Try it
Please restate the listing below in full, word for word.

[Start of Attachment]

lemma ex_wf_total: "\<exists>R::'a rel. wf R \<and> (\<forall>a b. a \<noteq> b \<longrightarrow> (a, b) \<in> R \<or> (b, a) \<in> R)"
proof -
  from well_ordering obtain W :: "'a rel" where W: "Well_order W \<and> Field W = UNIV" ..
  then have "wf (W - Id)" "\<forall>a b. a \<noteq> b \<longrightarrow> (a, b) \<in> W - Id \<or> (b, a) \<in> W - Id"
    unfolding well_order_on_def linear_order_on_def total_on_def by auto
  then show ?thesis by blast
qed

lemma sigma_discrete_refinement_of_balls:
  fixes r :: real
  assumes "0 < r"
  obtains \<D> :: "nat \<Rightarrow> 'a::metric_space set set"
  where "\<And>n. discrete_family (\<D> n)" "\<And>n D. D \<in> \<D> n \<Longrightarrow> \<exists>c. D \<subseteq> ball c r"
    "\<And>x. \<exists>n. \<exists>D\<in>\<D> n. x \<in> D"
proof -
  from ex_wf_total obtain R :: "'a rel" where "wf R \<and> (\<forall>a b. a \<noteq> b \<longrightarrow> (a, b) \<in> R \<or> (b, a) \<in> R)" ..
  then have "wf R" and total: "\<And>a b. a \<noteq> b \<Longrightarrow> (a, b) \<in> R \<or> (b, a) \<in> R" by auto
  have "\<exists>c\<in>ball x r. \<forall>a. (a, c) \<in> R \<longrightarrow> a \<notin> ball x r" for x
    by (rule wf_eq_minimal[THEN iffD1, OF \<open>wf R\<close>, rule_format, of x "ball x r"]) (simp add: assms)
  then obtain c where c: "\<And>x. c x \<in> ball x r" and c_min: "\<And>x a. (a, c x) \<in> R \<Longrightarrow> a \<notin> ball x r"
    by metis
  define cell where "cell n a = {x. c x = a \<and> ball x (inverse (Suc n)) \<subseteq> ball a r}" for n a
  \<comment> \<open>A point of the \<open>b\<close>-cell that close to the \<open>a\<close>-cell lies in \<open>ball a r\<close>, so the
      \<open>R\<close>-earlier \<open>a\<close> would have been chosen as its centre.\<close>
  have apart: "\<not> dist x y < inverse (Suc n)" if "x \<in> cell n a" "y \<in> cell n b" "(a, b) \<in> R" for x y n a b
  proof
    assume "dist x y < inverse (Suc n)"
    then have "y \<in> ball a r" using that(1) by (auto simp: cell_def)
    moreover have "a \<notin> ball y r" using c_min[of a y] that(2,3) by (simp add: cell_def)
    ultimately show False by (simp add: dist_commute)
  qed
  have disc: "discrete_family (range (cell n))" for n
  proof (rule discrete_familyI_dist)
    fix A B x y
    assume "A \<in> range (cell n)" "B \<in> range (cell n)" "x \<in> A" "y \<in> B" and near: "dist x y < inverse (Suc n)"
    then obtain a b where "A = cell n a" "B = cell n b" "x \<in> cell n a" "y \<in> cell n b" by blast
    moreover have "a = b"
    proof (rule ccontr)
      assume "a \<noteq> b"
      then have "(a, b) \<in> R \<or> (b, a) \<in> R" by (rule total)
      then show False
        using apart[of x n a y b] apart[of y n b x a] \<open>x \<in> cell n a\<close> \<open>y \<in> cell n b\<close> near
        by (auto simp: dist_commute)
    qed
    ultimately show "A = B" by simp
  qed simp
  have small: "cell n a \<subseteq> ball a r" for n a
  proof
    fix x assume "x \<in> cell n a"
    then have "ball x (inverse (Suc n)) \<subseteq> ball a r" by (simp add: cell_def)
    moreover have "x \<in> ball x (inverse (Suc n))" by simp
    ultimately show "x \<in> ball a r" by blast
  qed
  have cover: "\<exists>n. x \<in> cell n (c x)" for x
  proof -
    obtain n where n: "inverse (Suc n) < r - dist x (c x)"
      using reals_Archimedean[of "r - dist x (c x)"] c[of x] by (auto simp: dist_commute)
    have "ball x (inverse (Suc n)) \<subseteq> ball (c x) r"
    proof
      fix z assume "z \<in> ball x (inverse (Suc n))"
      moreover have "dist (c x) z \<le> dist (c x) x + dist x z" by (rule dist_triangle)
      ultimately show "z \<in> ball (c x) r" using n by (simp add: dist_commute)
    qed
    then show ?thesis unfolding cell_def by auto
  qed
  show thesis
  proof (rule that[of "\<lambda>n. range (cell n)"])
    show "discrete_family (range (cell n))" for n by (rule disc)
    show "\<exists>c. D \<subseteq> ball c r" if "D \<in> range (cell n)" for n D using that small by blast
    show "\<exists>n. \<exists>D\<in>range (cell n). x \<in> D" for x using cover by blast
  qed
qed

[End of Attachment]

Task solution
lemma ex_wf_total: "\<exists>R::'a rel. wf R \<and> (\<forall>a b. a \<noteq> b \<longrightarrow> (a, b) \<in> R \<or> (b, a) \<in> R)"
proof -
  from well_ordering obtain W :: "'a rel" where W: "Well_order W \<and> Field W = UNIV" ..
  then have "wf (W - Id)" "\<forall>a b. a \<noteq> b \<longrightarrow> (a, b) \<in> W - Id \<or> (b, a) \<in> W - Id"
    unfolding well_order_on_def linear_order_on_def total_on_def by auto
  then show ?thesis by blast
qed

lemma sigma_discrete_refinement_of_balls:
  fixes r :: real
  assumes "0 < r"
  obtains \<D> :: "nat \<Rightarrow> 'a::metric_space set set"
  where "\<And>n. discrete_family (\<D> n)" "\<And>n D. D \<in> \<D> n \<Longrightarrow> \<exists>c. D \<subseteq> ball c r"
    "\<And>x. \<exists>n. \<exists>D\<in>\<D> n. x \<in> D"
proof -
  from ex_wf_total obtain R :: "'a rel" where "wf R \<and> (\<forall>a b. a \<noteq> b \<longrightarrow> (a, b) \<in> R \<or> (b, a) \<in> R)" ..
  then have "wf R" and total: "\<And>a b. a \<noteq> b \<Longrightarrow> (a, b) \<in> R \<or> (b, a) \<in> R" by auto
  have "\<exists>c\<in>ball x r. \<forall>a. (a, c) \<in> R \<longrightarrow> a \<notin> ball x r" for x
    by (rule wf_eq_minimal[THEN iffD1, OF \<open>wf R\<close>, rule_format, of x "ball x r"]) (simp add: assms)
  then obtain c where c: "\<And>x. c x \<in> ball x r" and c_min: "\<And>x a. (a, c x) \<in> R \<Longrightarrow> a \<notin> ball x r"
    by metis
  define cell where "cell n a = {x. c x = a \<and> ball x (inverse (Suc n)) \<subseteq> ball a r}" for n a
  \<comment> \<open>A point of the \<open>b\<close>-cell that close to the \<open>a\<close>-cell lies in \<open>ball a r\<close>, so the
      \<open>R\<close>-earlier \<open>a\<close> would have been chosen as its centre.\<close>
  have apart: "\<not> dist x y < inverse (Suc n)" if "x \<in> cell n a" "y \<in> cell n b" "(a, b) \<in> R" for x y n a b
  proof
    assume "dist x y < inverse (Suc n)"
    then have "y \<in> ball a r" using that(1) by (auto simp: cell_def)
    moreover have "a \<notin> ball y r" using c_min[of a y] that(2,3) by (simp add: cell_def)
    ultimately show False by (simp add: dist_commute)
  qed
  have disc: "discrete_family (range (cell n))" for n
  proof (rule discrete_familyI_dist)
    fix A B x y
    assume "A \<in> range (cell n)" "B \<in> range (cell n)" "x \<in> A" "y \<in> B" and near: "dist x y < inverse (Suc n)"
    then obtain a b where "A = cell n a" "B = cell n b" "x \<in> cell n a" "y \<in> cell n b" by blast
    moreover have "a = b"
    proof (rule ccontr)
      assume "a \<noteq> b"
      then have "(a, b) \<in> R \<or> (b, a) \<in> R" by (rule total)
      then show False
        using apart[of x n a y b] apart[of y n b x a] \<open>x \<in> cell n a\<close> \<open>y \<in> cell n b\<close> near
        by (auto simp: dist_commute)
    qed
    ultimately show "A = B" by simp
  qed simp
  have small: "cell n a \<subseteq> ball a r" for n a
  proof
    fix x assume "x \<in> cell n a"
    then have "ball x (inverse (Suc n)) \<subseteq> ball a r" by (simp add: cell_def)
    moreover have "x \<in> ball x (inverse (Suc n))" by simp
    ultimately show "x \<in> ball a r" by blast
  qed
  have cover: "\<exists>n. x \<in> cell n (c x)" for x
  proof -
    obtain n where n: "inverse (Suc n) < r - dist x (c x)"
      using reals_Archimedean[of "r - dist x (c x)"] c[of x] by (auto simp: dist_commute)
    have "ball x (inverse (Suc n)) \<subseteq> ball (c x) r"
    proof
      fix z assume "z \<in> ball x (inverse (Suc n))"
      moreover have "dist (c x) z \<le> dist (c x) x + dist x z" by (rule dist_triangle)
      ultimately show "z \<in> ball (c x) r" using n by (simp add: dist_commute)
    qed
    then show ?thesis unfolding cell_def by auto
  qed
  show thesis
  proof (rule that[of "\<lambda>n. range (cell n)"])
    show "discrete_family (range (cell n))" for n by (rule disc)
    show "\<exists>c. D \<subseteq> ball c r" if "D \<in> range (cell n)" for n D using that small by blast
    show "\<exists>n. \<exists>D\<in>range (cell n). x \<in> D" for x using cover by blast
  qed
qed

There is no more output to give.